Among the entries below, which lines include the string "also"? Show each one.

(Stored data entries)

= = = = =

lemma crossing_row_mass:
  assumes ST: "S \<union> T = N" "S \<inter> T = {}" and "crosses n (A t) S T"
  shows "\<eta> / 2 \<le> (\<Sum>i\<in>N. (\<Sum>j\<in>S. A t i j) * (\<Sum>l\<in>T. A t i l))"
proof -
  have sub: "S \<subseteq> N" "T \<subseteq> N" using ST by auto
  have "\<exists>r\<in>N. \<eta> \<le> (\<Sum>j\<in>S. A t r j) \<and> \<eta> \<le> (\<Sum>l\<in>T. A t r l)"
  proof -
    obtain i j where ij: "i \<in> S" "j \<in> T" and "A t j i > 0 \<or> A t i j > 0"
      using assms(3) unfolding crosses_def edges_def by auto
    have "i \<in> N" "j \<in> N" using ij sub by auto
    consider "A t j i > 0" | "A t i j > 0" using \<open>A t j i > 0 \<or> A t i j > 0\<close> by blast
    then show ?thesis
    proof cases
      case 1
      have "\<eta> \<le> (\<Sum>l\<in>S. A t j l)" using ij sub \<open>i \<in> N\<close> \<open>j \<in> N\<close> 1
        by (intro row_mass_ge pos_entry_ge)
      moreover have "\<eta> \<le> (\<Sum>l\<in>T. A t j l)" using ij sub diag_ge[of j t] by (intro row_mass_ge) auto
      ultimately show ?thesis using \<open>j \<in> N\<close> by blast
    next
      case 2
      have "\<eta> \<le> (\<Sum>l\<in>S. A t i l)" using ij sub diag_ge[of i t] by (intro row_mass_ge) auto
      moreover have "\<eta> \<le> (\<Sum>l\<in>T. A t i l)" using ij sub \<open>i \<in> N\<close> \<open>j \<in> N\<close> 2
        by (intro row_mass_ge pos_entry_ge)
      ultimately show ?thesis using \<open>i \<in> N\<close> by blast
    qed
  qed
  then obtain r where r: "r \<in> N" and p: "\<eta> \<le> (\<Sum>j\<in>S. A t r j)" and q: "\<eta> \<le> (\<Sum>l\<in>T. A t r l)"
    by blast
  have pq: "(\<Sum>j\<in>S. A t r j) + (\<Sum>l\<in>T. A t r l) = 1"
    using row_sum[OF r] sum.union_disjoint[of S T "A t r"] ST finite_subset[OF sub(1)]
      finite_subset[OF sub(2)] by simp
  \<comment> \<open>two masses summing to 1, both at least \<eta>: the larger one is at least 1/2\<close>
  have "\<eta> / 2 \<le> (\<Sum>j\<in>S. A t r j) * (\<Sum>l\<in>T. A t r l)"
  proof (cases "(\<Sum>j\<in>S. A t r j) \<ge> 1/2")
    case True
    then have "(1/2) * (\<Sum>l\<in>T. A t r l) \<le> (\<Sum>j\<in>S. A t r j) * (\<Sum>l\<in>T. A t r l)"
      using q eta_pos by (intro mult_right_mono) auto
    then show ?thesis using q by linarith
  next
    case False
    then have "(\<Sum>j\<in>S. A t r j) * (1/2) \<le> (\<Sum>j\<in>S. A t r j) * (\<Sum>l\<in>T. A t r l)"
      using p pq eta_pos by (intro mult_left_mono) auto
    then show ?thesis using p by linarith
  qed
  also have "\<dots> \<le> (\<Sum>i\<in>N. (\<Sum>j\<in>S. A t i j) * (\<Sum>l\<in>T. A t i l))"
    using r sub nonneg by (intro member_le_sum mult_nonneg_nonneg sum_nonneg) auto
  finally show ?thesis .
qed

lemma dissipation_ge_cuts:
  assumes "finite P"
    and cut: "\<And>d. d \<in> P \<Longrightarrow> S d \<union> T d = N \<and> S d \<inter> T d = {}"
    and crossing: "\<And>d. d \<in> P \<Longrightarrow> crosses n (A t) (S d) (T d)"
    and h_nonneg: "\<And>d. d \<in> P \<Longrightarrow> 0 \<le> h d"
    and h_le: "\<And>j l. j \<in> N \<Longrightarrow> l \<in> N \<Longrightarrow> (\<Sum>d\<in>{d\<in>P. j \<in> S d \<and> l \<in> T d}. h d) \<le> (z j - z l)^2"
  shows "\<eta> / 2 * (\<Sum>d\<in>P. h d) \<le> dissipation t z"
proof -
  have "\<eta> / 2 * (\<Sum>d\<in>P. h d) = (\<Sum>d\<in>P. h d * (\<eta> / 2))"
    by (simp add: sum_distrib_left mult.commute)
  also have "\<dots> \<le> (\<Sum>d\<in>P. h d * (\<Sum>i\<in>N. (\<Sum>j\<in>S d. A t i j) * (\<Sum>l\<in>T d. A t i l)))"
    using crossing_row_mass cut crossing h_nonneg by (intro sum_mono mult_left_mono) auto
  also have "\<dots> = (\<Sum>d\<in>P. \<Sum>i\<in>N. \<Sum>j\<in>N. \<Sum>l\<in>N.
      if j \<in> S d \<and> l \<in> T d then A t i j * A t i l * h d else 0)"
  proof (intro sum.cong refl)
    fix d assume "d \<in> P"
    then have "S d \<subseteq> N" "T d \<subseteq> N" using cut by auto
    then have "h d * ((\<Sum>j\<in>S d. A t i j) * (\<Sum>l\<in>T d. A t i l))
      = (\<Sum>j\<in>N. \<Sum>l\<in>N. if j \<in> S d \<and> l \<in> T d then A t i j * A t i l * h d else 0)" for i
      unfolding sum_product_restrict[OF finite_atLeastAtMost \<open>S d \<subseteq> N\<close> \<open>T d \<subseteq> N\<close>]
        sum_distrib_left[of "h d"]
      by (intro sum.cong refl) simp
    then show "h d * (\<Sum>i\<in>N. (\<Sum>j\<in>S d. A t i j) * (\<Sum>l\<in>T d. A t i l))
      = (\<Sum>i\<in>N. \<Sum>j\<in>N. \<Sum>l\<in>N. if j \<in> S d \<and> l \<in> T d then A t i j * A t i l * h d else 0)"
      by (simp only: sum_distrib_left[of "h d" _ N])
  qed
  also have "\<dots> = (\<Sum>i\<in>N. \<Sum>j\<in>N. \<Sum>l\<in>N. \<Sum>d\<in>P.
      if j \<in> S d \<and> l \<in> T d then A t i j * A t i l * h d else 0)"
    by (subst sum.swap, rule sum.cong, simp, subst sum.swap, rule sum.cong, simp, subst sum.swap, simp)
  also have "\<dots> = (\<Sum>i\<in>N. \<Sum>j\<in>N. \<Sum>l\<in>N. A t i j * A t i l * (\<Sum>d\<in>{d\<in>P. j \<in> S d \<and> l \<in> T d}. h d))"
    unfolding sum.inter_filter[OF \<open>finite P\<close>] sum_distrib_left by (intro sum.cong refl) simp
  also have "\<dots> \<le> dissipation t z"
    unfolding dissipation_def using h_le nonneg by (intro sum_mono mult_left_mono) auto
  finally show ?thesis .
qed

end

section \<open>The quantized dynamics\<close>

locale quantized_dynamics = mixing_sequence +
  fixes Q :: nat and x0 :: "nat \<Rightarrow> real"
  assumes Q_ge_1: "Q \<ge> 1"
    and initial_on_grid: "\<forall>i\<in>{1..n}. \<exists>m::int. x0 i = real_of_int m / real Q"
begin

abbreviation x :: "nat \<Rightarrow> nat \<Rightarrow> real" where "x \<equiv> traj n Q A x0"

lemma on_grid_traj:
  assumes "i \<in> N"
  shows "on_grid Q (x t i)"
proof (cases t)
  case 0
  then show ?thesis using initial_on_grid assms unfolding on_grid_def by simp
qed (simp add: on_grid_floorQ)

lemma traj_Suc_ge:
  assumes "i \<in> N" "on_grid Q a" "\<And>j. j \<in> N \<Longrightarrow> A t i j \<noteq> 0 \<Longrightarrow> a \<le> x t j"
  shows "a \<le> x (Suc t) i"
  using floorQ_greatest[OF Q_ge_1 assms(2) row_mean_ge[OF assms(1,3)]] by simp

lemma traj_Suc_le:
  assumes "i \<in> N" "\<And>j. j \<in> N \<Longrightarrow> A t i j \<noteq> 0 \<Longrightarrow> x t j \<le> b"
  shows "x (Suc t) i \<le> b"
proof -
  have "(\<Sum>j\<in>N. A t i j * x t j) \<le> b" using assms by (rule row_mean_le)
  then show ?thesis using floorQ_le[OF Q_ge_1, of "\<Sum>j\<in>N. A t i j * x t j"] by simp
qed

lemma lower_bound_persists:
  assumes "on_grid Q a" "\<forall>i\<in>N. a \<le> x t i" "t \<le> s"
  shows "\<forall>i\<in>N. a \<le> x s i"
  using assms(3)
proof (induction s rule: dec_induct)
  case (step s)
  then show ?case by (intro ballI traj_Suc_ge[OF _ assms(1)]) auto
qed (use assms(2) in simp)

lemma consensus_persists:
  assumes "on_grid Q v" "\<forall>i\<in>N. x t i = v" "t \<le> s"
  shows "\<forall>i\<in>N. x s i = v"
  using assms(3)
proof (induction s rule: dec_induct)
  case (step s)
  show ?case
  proof
    fix i assume "i \<in> N"
    have "v \<le> x (Suc s) i" using step.IH by (intro traj_Suc_ge[OF \<open>i \<in> N\<close> assms(1)]) auto
    moreover have "x (Suc s) i \<le> v" using step.IH by (intro traj_Suc_le[OF \<open>i \<in> N\<close>]) auto
    ultimately show "x (Suc s) i = v" by simp
  qed
qed (use assms(2) in simp)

= = = = =

▸ TASK RESPONSE:
  also have "\<dots> \<le> (\<Sum>i\<in>N. (\<Sum>j\<in>S. A t i j) * (\<Sum>l\<in>T. A t i l))"
  also have "\<dots> \<le> (\<Sum>d\<in>P. h d * (\<Sum>i\<in>N. (\<Sum>j\<in>S d. A t i j) * (\<Sum>l\<in>T d. A t i l)))"
  also have "\<dots> = (\<Sum>d\<in>P. \<Sum>i\<in>N. \<Sum>j\<in>N. \<Sum>l\<in>N.
  also have "\<dots> = (\<Sum>i\<in>N. \<Sum>j\<in>N. \<Sum>l\<in>N. \<Sum>d\<in>P.
  also have "\<dots> = (\<Sum>i\<in>N. \<Sum>j\<in>N. \<Sum>l\<in>N. A t i j * A t i l * (\<Sum>d\<in>{d\<in>P. j \<in> S d \<and> l \<in> T d}. h d))"
  also have "\<dots> \<le> dissipation t z"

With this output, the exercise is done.